lemma torus_eq_torus_limit: "t \<noteq> 0 \<Longrightarrow> torus_bounded x \<Longrightarrow> sl3_act (torus t) x = torus_limit t x"
  by (rule oct_coords_cases[of x]) (simp add: torus_def)

lemma torus_limit_module_hom: "module_hom oscale oscale (torus_limit t)"
proof (rule oct_module_homI)
  show "torus_limit t (x + y) = torus_limit t x + torus_limit t y" for x y
    by (rule oct_coords_cases[of x], rule oct_coords_cases[of y]) (simp add: algebra_simps)
  show "torus_limit t (oscale c x) = oscale c (torus_limit t x)" for c x
    by (rule oct_coords_cases[of x]) (simp add: algebra_simps)
qed

lemma torus_limit_poly: "\<exists>q. \<forall>t. ocoord (torus_limit t x) k = poly q t"
proof -
  obtain a u1 u2 u3 v1 v2 v3 b where x: "x = Oct a (u1, u2, u3) (v1, v2, v3) b"
    by (rule oct_coords_cases)
  show ?thesis
    by (rule exI[of _ "if k = 0 then [:a:] else if k = 1 then [:0, 0, u1:] else if k = 5 then [:0, v2:]
        else if k = 6 then [:0, v3:] else if k = 7 then [:b:] else 0"]) (simp add: x algebra_simps)
qed

lemma closed_orbit_not_contracted:
  fixes B :: "'a::field oct set"
  assumes "closed_orbit B" "infinite (UNIV :: 'a set)"
    and "\<forall>y\<in>B. torus_bounded y" "x \<in> B" "x \<noteq> 0" "torus_limit 0 x = 0"
  shows False
proof (rule closed_orbit_no_degeneration[OF assms(1,2)])
  show "\<exists>h\<in>G2. \<forall>y\<in>B. h y = torus_limit t y" if "t \<noteq> 0" for t
    using torus_G2[OF that] torus_eq_torus_limit[OF that] assms(3) by blast
qed (use assms(4-6) torus_limit_module_hom torus_limit_poly in auto)

lemma subspace_torus_bounded: "oct.subspace {x :: 'a::field oct. torus_bounded x}"
  unfolding oct.subspace_def
proof (intro conjI ballI allI)
  show "0 \<in> {x :: 'a oct. torus_bounded x}"
    by (simp add: zero_oct_eq)
  show "x + y \<in> {x. torus_bounded x}" if "x \<in> {x. torus_bounded x}" "y \<in> {x. torus_bounded x}" for x y :: "'a oct"
    by (rule oct_coords_cases[of x], rule oct_coords_cases[of y]) (use that in simp)
  show "oscale c x \<in> {x. torus_bounded x}" if "x \<in> {x. torus_bounded x}" for c and x :: "'a oct"
    by (rule oct_coords_cases[of x]) (use that in simp)
qed

section \<open>Subalgebras of dimension at most three with a closed orbit\<close>

lemma lin_indep3I:
  assumes "\<And>c1 c2 c3. oscale c1 x1 + oscale c2 x2 + oscale c3 x3 = 0 \<Longrightarrow> c1 = 0 \<and> c2 = 0 \<and> c3 = 0"
  shows "lin_indep [x1, x2, x3]"
  unfolding lin_indep_def ozero_eq_zero
proof (intro allI impI)
  fix cs :: "'a list" assume "length cs = length [x1, x2, x3] \<and> lin_comb cs [x1, x2, x3] = 0"
  then obtain c1 c2 c3 where "cs = [c1, c2, c3]" "lin_comb [c1, c2, c3] [x1, x2, x3] = 0"
    by (auto simp: length_Suc_conv numeral_eq_Suc)
  then show "\<forall>c\<in>set cs. c = 0"
    using assms by (simp add: add.assoc)
qed

lemma lin_indep4I:
  assumes "\<And>c1 c2 c3 c4. oscale c1 x1 + oscale c2 x2 + oscale c3 x3 + oscale c4 x4 = 0 \<Longrightarrow>
    c1 = 0 \<and> c2 = 0 \<and> c3 = 0 \<and> c4 = 0"
  shows "lin_indep [x1, x2, x3, x4]"
  unfolding lin_indep_def ozero_eq_zero
proof (intro allI impI)
  fix cs :: "'a list" assume "length cs = length [x1, x2, x3, x4] \<and> lin_comb cs [x1, x2, x3, x4] = 0"
  then obtain c1 c2 c3 c4 where "cs = [c1, c2, c3, c4]" "lin_comb [c1, c2, c3, c4] [x1, x2, x3, x4] = 0"
    by (auto simp: length_Suc_conv numeral_eq_Suc)
  then show "\<forall>c\<in>set cs. c = 0"
    using assms by (simp add: add.assoc)
qed
(* Let $\mu_1<\mu_2$, $\alpha_0,\beta_0>0$, and let $G$ be the distribution of $(x,y)$ on $\mathbb{R}\times\{-1,+1\}$ with $y$ uniform on $\{-1,+1\}$, $x\mid y=-1\sim\mathrm{N}(\mu_1,\alpha_0,\beta_0)$, $x\mid y=+1\sim\mathrm{N}(\mu_2,\alpha_0,\beta_0)$. For $\theta\in\mathbb{R}$ let $f_\theta(x)=\mathrm{sign}(x+\theta)$, $\mathcal{L}(f_\theta)=\Pr_{(x,y)\sim G}[f_\theta(x)\ne y]$, and $\theta^\star=-\frac{\mu_1+\mu_2}{2}$. Then: (i) there is a constant $C_1'>0$ depending only on $\mu_1,\mu_2,\alpha_0,\beta_0$ with $\mathcal{L}(f_\theta)-\mathcal{L}(f_{\theta^\star})\le C_1'|\theta-\theta^\star|$ for all $\theta$; (ii) $\epsilon_0:=\mathbb{E}_{(x,y)\sim G}|x-y+\theta^\star|-\mathbb{E}_{(x,y)\sim G}|x-f_{\theta^\star}(x)+\theta^\star|>0$; (iii) for $\rho\in[0,1]$, let $G'_\rho$ be the distribution of $(x,y')$ where $(x,y)\sim G$ and $y'=\rho f_{\theta^\star}(x)+(1-\rho)y$. Fix $\theta_0\in\mathbb{R}$, $\eta\in(0,1)$, let $(x_t,y'_t)_{t\ge0}$ be i.i.d. from $G'_\rho$, and set $\theta_{t+1}=\theta_t-\eta(\theta_t+x_t-y'_t)$. Then for every $t\in\mathbb{N}$, $$\mathbb{E}\big[\mathcal{L}(f_{\theta_t})\big]-\mathcal{L}(f_{\theta^\star})\le C_2(1-\eta)^t+\big(1-(1-\eta)^t\big)\big(C_3-C_4\rho\big),$$ where $C_2=C_1'|\theta_0-\theta^\star|$, $C_3=C_1'\,\mathbb{E}_{(x,y)\sim G}|x-y+\theta^\star|$ and $C_4=C_1'\epsilon_0>0$. In particular the bound is strictly decreasing in $\rho$ whenever $t\ge1$.
   Context: $\mathrm{N}(\mu,\alpha,\beta)$ denotes the generalized Gaussian distribution on $\mathbb{R}$ with density $\frac{\beta}{2\alpha\Gamma(1/\beta)}e^{-(|x-\mu|/\alpha)^\beta}$. The expectation is over the random samples; $\theta_0$ is deterministic. The value of $\mathrm{sign}(0)$ is irrelevant (a null event). *)

theory Defs
  imports "HOL-Probability.Probability"
begin

definition gg_density :: "real \<Rightarrow> real \<Rightarrow> real \<Rightarrow> real \<Rightarrow> real" where
  "gg_density mu alpha beta x =
     beta / (2 * alpha * Gamma (1 / beta)) * exp (- ((\<bar>x - mu\<bar> / alpha) powr beta))"

definition gg_measure :: "real \<Rightarrow> real \<Rightarrow> real \<Rightarrow> real measure" where
  "gg_measure mu alpha beta = density lborel (\<lambda>x. ennreal (gg_density mu alpha beta x))"

definition G_joint :: "real \<Rightarrow> real \<Rightarrow> real \<Rightarrow> real \<Rightarrow> (real \<times> real) measure" where
  "G_joint mu1 mu2 alpha beta =
     Giry_Monad.bind (measure_pmf (pmf_of_set {-1, 1::real}))
       (\<lambda>y. distr (gg_measure (if y = -1 then mu1 else mu2) alpha beta)
                   (borel \<Otimes>\<^sub>M borel) (\<lambda>x. (x, y)))"

text \<open>Classifier f_theta(x) = sign(x + theta) (sgn 0 = 0, a null event).\<close>
definition clf :: "real \<Rightarrow> real \<Rightarrow> real" where
  "clf theta x = sgn (x + theta)"

definition loss :: "(real \<times> real) measure \<Rightarrow> real \<Rightarrow> real" where
  "loss G theta = measure G {p. clf theta (fst p) \<noteq> snd p}"

fun sgd_iter :: "real \<Rightarrow> real \<Rightarrow> (nat \<Rightarrow> 'a \<Rightarrow> real) \<Rightarrow> (nat \<Rightarrow> 'a \<Rightarrow> real) \<Rightarrow> nat \<Rightarrow> 'a \<Rightarrow> real" where
  "sgd_iter eta theta0 X Y' 0 \<omega> = theta0"
| "sgd_iter eta theta0 X Y' (Suc t) \<omega> =
     sgd_iter eta theta0 X Y' t \<omega> - eta * (sgd_iter eta theta0 X Y' t \<omega> + X t \<omega> - Y' t \<omega>)"

end

theory Submission
  imports Defs
begin

text \<open>The loss of \<open>f_theta\<close> is the average of two generalized-Gaussian tail probabilities whose
  densities are bounded by their peak value \<open>beta / (2 alpha Gamma (1 / beta))\<close>, so the loss is
  Lipschitz with this constant \<open>C1'\<close>. One SGD step contracts the distance to \<open>theta*\<close> up to noise,
  \<open>|theta_{t+1} - theta*| \<le> (1 - eta) |theta_t - theta*| + eta |x_t - y'_t + theta*|\<close>, and by
  convexity of \<open>|.|\<close> the noise has mean at most \<open>rho B + (1 - rho) A = A - rho eps0\<close>, where \<open>A\<close>
  and \<open>B\<close> are the two expectations defining \<open>eps0\<close>; unrolling the recursion and applying the
  Lipschitz bound gives (iii). Finally \<open>eps0 > 0\<close> because \<open>sgn z\<close> is a point of \<open>{-1, 1}\<close>
  nearest to \<open>z\<close>, strictly nearer than \<open>-1\<close> when \<open>z \<ge> 1\<close>, an event of positive probability.\<close>

section \<open>Generalized Gaussian distributions\<close>

lemma Gamma_integral_real':
  assumes "s > (0::real)"
  shows "((\<lambda>t. t powr (s - 1) / exp t) has_integral Gamma s) {0<..}"
proof -
  have "((\<lambda>t. t powr (s - 1) / exp t) has_integral Gamma s) {0..}"
    by (rule Gamma_integral_real) fact
  hence "((\<lambda>t. if t \<in> {0<..} then t powr (s - 1) / exp t else 0) has_integral Gamma s) {0..}"
    by (rule has_integral_spike [of "{0}", rotated 2]) auto
  also have "?this = ?thesis"
    by (subst has_integral_restrict) auto
  finally show ?thesis .
qed
lemma dyadic_index_Suc_eq:
  assumes "1 \<le> m"
  shows "dyadic_index (Suc m) (Suc n) =
    (\<lambda>(k, j). (Suc k, j)) ` dyadic_index m n \<union>
    (\<lambda>(k, j). (Suc k, j + 2 ^ (k - 1))) ` dyadic_index m n"
    (is "?L = ?A \<union> ?B")
proof
  show "?L \<subseteq> ?A \<union> ?B"
  proof
    fix p assume "p \<in> ?L"
    then obtain k j where p: "p = (Suc k, j)" and k: "m \<le> k" "k \<le> n"
      and j: "1 \<le> j" "j \<le> 2 ^ k"
      unfolding dyadic_index_def by (cases p, case_tac "fst p") auto
    show "p \<in> ?A \<union> ?B"
    proof (cases "j \<le> 2 ^ (k - 1)")
      case True
      then have "(k, j) \<in> dyadic_index m n" using k j by (simp add: dyadic_index_def)
      then show ?thesis using p by force
    next
      case False
      have "(2::int) ^ k = 2 * 2 ^ (k - 1)" using k assms by (simp flip: power_Suc)
      then have "(k, j - 2 ^ (k - 1)) \<in> dyadic_index m n"
        using k j False by (simp add: dyadic_index_def)
      moreover have "p = (\<lambda>(k, j). (Suc k, j + 2 ^ (k - 1))) (k, j - 2 ^ (k - 1))" using p by simp
      ultimately show ?thesis by blast
    qed
  qed
next
  have "(2::int) ^ k = 2 * 2 ^ (k - 1)" if "m \<le> k" for k
    using that assms by (simp flip: power_Suc)
  then show "?A \<union> ?B \<subseteq> ?L" by (auto simp: dyadic_index_def)
qed

lemma sum_dyadic_index_Suc:
  assumes "1 \<le> m"
  shows "(\<Sum>p\<in>dyadic_index (Suc m) (Suc n). f p) =
    (\<Sum>(k, j)\<in>dyadic_index m n. f (Suc k, j)) +
    (\<Sum>(k, j)\<in>dyadic_index m n. f (Suc k, j + 2 ^ (k - 1)))"
proof -
  have "inj_on (\<lambda>(k, j). (Suc k, j)) (dyadic_index m n)"
    and "inj_on (\<lambda>(k, j). (Suc k, j + 2 ^ (k - 1))) (dyadic_index m n)"
    and "(\<lambda>(k, j). (Suc k, j)) ` dyadic_index m n \<inter>
         (\<lambda>(k, j). (Suc k, j + 2 ^ (k - 1))) ` dyadic_index m n = {}"
    by (auto simp: inj_on_def dyadic_index_def)
  then show ?thesis
    by (simp add: dyadic_index_Suc_eq[OF assms] sum.union_disjoint sum.reindex case_prod_unfold)
qed

definition haar_series ::
  "(nat \<times> int) set \<Rightarrow> (nat \<times> int \<Rightarrow> 'b::real_normed_vector) \<Rightarrow> real \<Rightarrow> 'b"
  where "haar_series F v t = (\<Sum>(k, j)\<in>F. haar k j t *\<^sub>R v (k, j))"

- - -

PROBLEM DETAILS –
Print exactly the lines of the listing above starting at the line containing "then obtain k" and ending at the line containing "k, j)) (dyadic_index", both included.

EXERCISE RESULT –
    then obtain k j where p: "p = (Suc k, j)" and k: "m \<le> k" "k \<le> n"
      and j: "1 \<le> j" "j \<le> 2 ^ k"
      unfolding dyadic_index_def by (cases p, case_tac "fst p") auto
    show "p \<in> ?A \<union> ?B"
    proof (cases "j \<le> 2 ^ (k - 1)")
      case True
      then have "(k, j) \<in> dyadic_index m n" using k j by (simp add: dyadic_index_def)
      then show ?thesis using p by force
    next
      case False
      have "(2::int) ^ k = 2 * 2 ^ (k - 1)" using k assms by (simp flip: power_Suc)
      then have "(k, j - 2 ^ (k - 1)) \<in> dyadic_index m n"
        using k j False by (simp add: dyadic_index_def)
      moreover have "p = (\<lambda>(k, j). (Suc k, j + 2 ^ (k - 1))) (k, j - 2 ^ (k - 1))" using p by simp
      ultimately show ?thesis by blast
    qed
  qed
next
  have "(2::int) ^ k = 2 * 2 ^ (k - 1)" if "m \<le> k" for k
    using that assms by (simp flip: power_Suc)
  then show "?A \<union> ?B \<subseteq> ?L" by (auto simp: dyadic_index_def)
qed

lemma sum_dyadic_index_Suc:
  assumes "1 \<le> m"
  shows "(\<Sum>p\<in>dyadic_index (Suc m) (Suc n). f p) =
    (\<Sum>(k, j)\<in>dyadic_index m n. f (Suc k, j)) +
    (\<Sum>(k, j)\<in>dyadic_index m n. f (Suc k, j + 2 ^ (k - 1)))"
proof -
  have "inj_on (\<lambda>(k, j). (Suc k, j)) (dyadic_index m n)"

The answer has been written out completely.